[DATA PROVIDED]:
§
section \<open>Counting the projective solutions\<close>

lemma card_bij_betw_zero_outside:
  fixes W :: "'b::zero set"
  assumes A: "finite A" and W: "finite W" "card A = card W"
  shows "card {f. (\<forall>v. v \<notin> A \<longrightarrow> f v = 0) \<and> bij_betw f A W} = fact (card A)"
proof -
  obtain h where h: "bij_betw h A W"
    using finite_same_card_bij A W by metis
  define extend where "extend p = (\<lambda>v. if v \<in> A then h (p v) else 0)" for p :: "'a \<Rightarrow> 'a"
  have "{f. (\<forall>v. v \<notin> A \<longrightarrow> f v = 0) \<and> bij_betw f A W} = extend ` {p. p permutes A}"
  proof (intro equalityI subsetI)
    fix f assume f: "f \<in> {f. (\<forall>v. v \<notin> A \<longrightarrow> f v = 0) \<and> bij_betw f A W}"
    define p where "p v = (if v \<in> A then inv_into A h (f v) else v)" for v
    have "bij_betw (inv_into A h \<circ> f) A A"
      using f bij_betw_inv_into[OF h] bij_betw_trans by blast
    then have "bij_betw p A A"
      by (rule bij_betw_cong[THEN iffD1, rotated]) (simp add: p_def)
    then have "p permutes A"
      by (rule bij_imp_permutes) (simp add: p_def)
    moreover have "extend p = f"
      using f h by (auto simp: extend_def p_def fun_eq_iff bij_betw_inv_into_right bij_betwE)
    ultimately show "f \<in> extend ` {p. p permutes A}"
      by blast
  next
    fix f assume "f \<in> extend ` {p. p permutes A}"
    then obtain p where p: "p permutes A" and f: "f = extend p"
      by blast
    have "bij_betw (h \<circ> p) A W"
      using permutes_imp_bij[OF p] h bij_betw_trans by blast
    then have "bij_betw f A W"
      by (rule bij_betw_cong[THEN iffD1, rotated]) (simp add: f extend_def)
    then show "f \<in> {f. (\<forall>v. v \<notin> A \<longrightarrow> f v = 0) \<and> bij_betw f A W}"
      by (simp add: f extend_def)
  qed
  moreover have "inj_on extend {p. p permutes A}"
  proof (rule inj_onI, rule ext)
    fix p q v assume p: "p \<in> {p. p permutes A}" and q: "q \<in> {p. p permutes A}"
      and eq: "extend p = extend q"
    show "p v = q v"
    proof (cases "v \<in> A")
      case True
      then have "h (p v) = h (q v)"
        using fun_cong[OF eq, of v] by (simp add: extend_def)
      then show ?thesis
        using True p q h by (auto simp: bij_betw_def inj_on_def permutes_in_image)
    qed (use p q in \<open>simp add: permutes_not_in\<close>)
  qed
  ultimately show ?thesis
    using card_permutations[OF refl A] by (simp add: card_image)
qed

lemma card_quotient_proportional:
  fixes X :: "(('a \<Rightarrow> 'b::field) \<times> 'b) set"
  assumes X_snd: "\<forall>p\<in>X. snd p \<noteq> 0"
    and X_scale: "\<forall>p\<in>X. \<forall>c. c \<noteq> 0 \<longrightarrow> ((\<lambda>v. c * fst p v), c * snd p) \<in> X"
  shows "card (X // {(p, q). p \<in> X \<and> q \<in> X \<and> (\<exists>c. c \<noteq> 0 \<and> q = ((\<lambda>v. c * fst p v), c * snd p))})
           = card {\<beta>. (\<beta>, 1) \<in> X}"
    (is "card (X // ?R) = card ?B")
proof -
  have "equiv X ?R"
  proof (rule equivI)
    show "refl_on X ?R"
      by (rule refl_onI) (auto intro: exI[of _ 1])
    have "(q, p) \<in> ?R" if "(p, q) \<in> ?R" for p q
    proof -
      from that obtain c where pq: "p \<in> X" "q \<in> X" "c \<noteq> 0"
        and q: "q = ((\<lambda>v. c * fst p v), c * snd p)"
        by blast
      then have "p = ((\<lambda>v. inverse c * fst q v), inverse c * snd q)"
        by (simp add: prod_eq_iff fun_eq_iff)
      with pq show ?thesis
        by (auto intro!: exI[of _ "inverse c"])
    qed
    then show "sym ?R"
      by (rule symI)
    have "(p, r) \<in> ?R" if "(p, q) \<in> ?R" "(q, r) \<in> ?R" for p q r
    proof -
      from that obtain c c' where "p \<in> X" "r \<in> X" "c \<noteq> 0" "c' \<noteq> 0"
        and "q = ((\<lambda>v. c * fst p v), c * snd p)" "r = ((\<lambda>v. c' * fst q v), c' * snd q)"
        by blast
      then show ?thesis
        by (auto intro!: exI[of _ "c' * c"] simp: mult.assoc)
    qed
    then show "trans ?R"
      by (rule transI)
  qed auto
  have rescale: "(p, ((\<lambda>v. fst p v / snd p), 1)) \<in> ?R" if "p \<in> X" for p
    using that X_snd X_scale[rule_format, of p "inverse (snd p)"]
    by (auto intro!: exI[of _ "inverse (snd p)"] simp: field_simps)
  have "bij_betw (\<lambda>\<beta>. ?R `` {(\<beta>, 1)}) ?B (X // ?R)"
  proof (rule bij_betw_imageI)
    show "inj_on (\<lambda>\<beta>. ?R `` {(\<beta>, 1)}) ?B"
    proof (rule inj_onI)
      fix \<beta> \<gamma> assume "\<beta> \<in> ?B" "\<gamma> \<in> ?B" "?R `` {(\<beta>, 1)} = ?R `` {(\<gamma>, 1)}"
      then have "((\<beta>, 1), (\<gamma>, 1)) \<in> ?R"
        using eq_equiv_class_iff[OF \<open>equiv X ?R\<close>, of "(\<beta>, 1)" "(\<gamma>, 1)"] by simp
      then show "\<beta> = \<gamma>"
        by auto
    qed
    show "(\<lambda>\<beta>. ?R `` {(\<beta>, 1)}) ` ?B = X // ?R"
    proof (intro equalityI subsetI)
      fix Y assume "Y \<in> X // ?R"
      then obtain p where p: "p \<in> X" and Y: "Y = ?R `` {p}"
        by (rule quotientE)
      have "(\<lambda>v. fst p v / snd p) \<in> ?B"
        using rescale[OF p] by simp
      moreover have "Y = ?R `` {((\<lambda>v. fst p v / snd p), 1)}"
        using Y equiv_class_eq[OF \<open>equiv X ?R\<close> rescale[OF p]] by simp
      ultimately show "Y \<in> (\<lambda>\<beta>. ?R `` {(\<beta>, 1)}) ` ?B"
        by blast
    next
      fix Y assume "Y \<in> (\<lambda>\<beta>. ?R `` {(\<beta>, 1)}) ` ?B"
      then obtain \<beta> where "(\<beta>, 1) \<in> X" and Y: "Y = ?R `` {(\<beta>, 1)}"
        by blast
      then have "?R `` {(\<beta>, 1)} \<in> X // ?R"
        by (intro quotientI)
      with Y show "Y \<in> X // ?R"
        by (simp only:)
    qed
  qed
  then show ?thesis
    by (rule bij_betw_same_card [symmetric])
qed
§
[TASK DETAILS]:
Say how many lines in this listing hold the string "fixes", giving the count and nothing more.

[THE COMPLETED TASK]:
2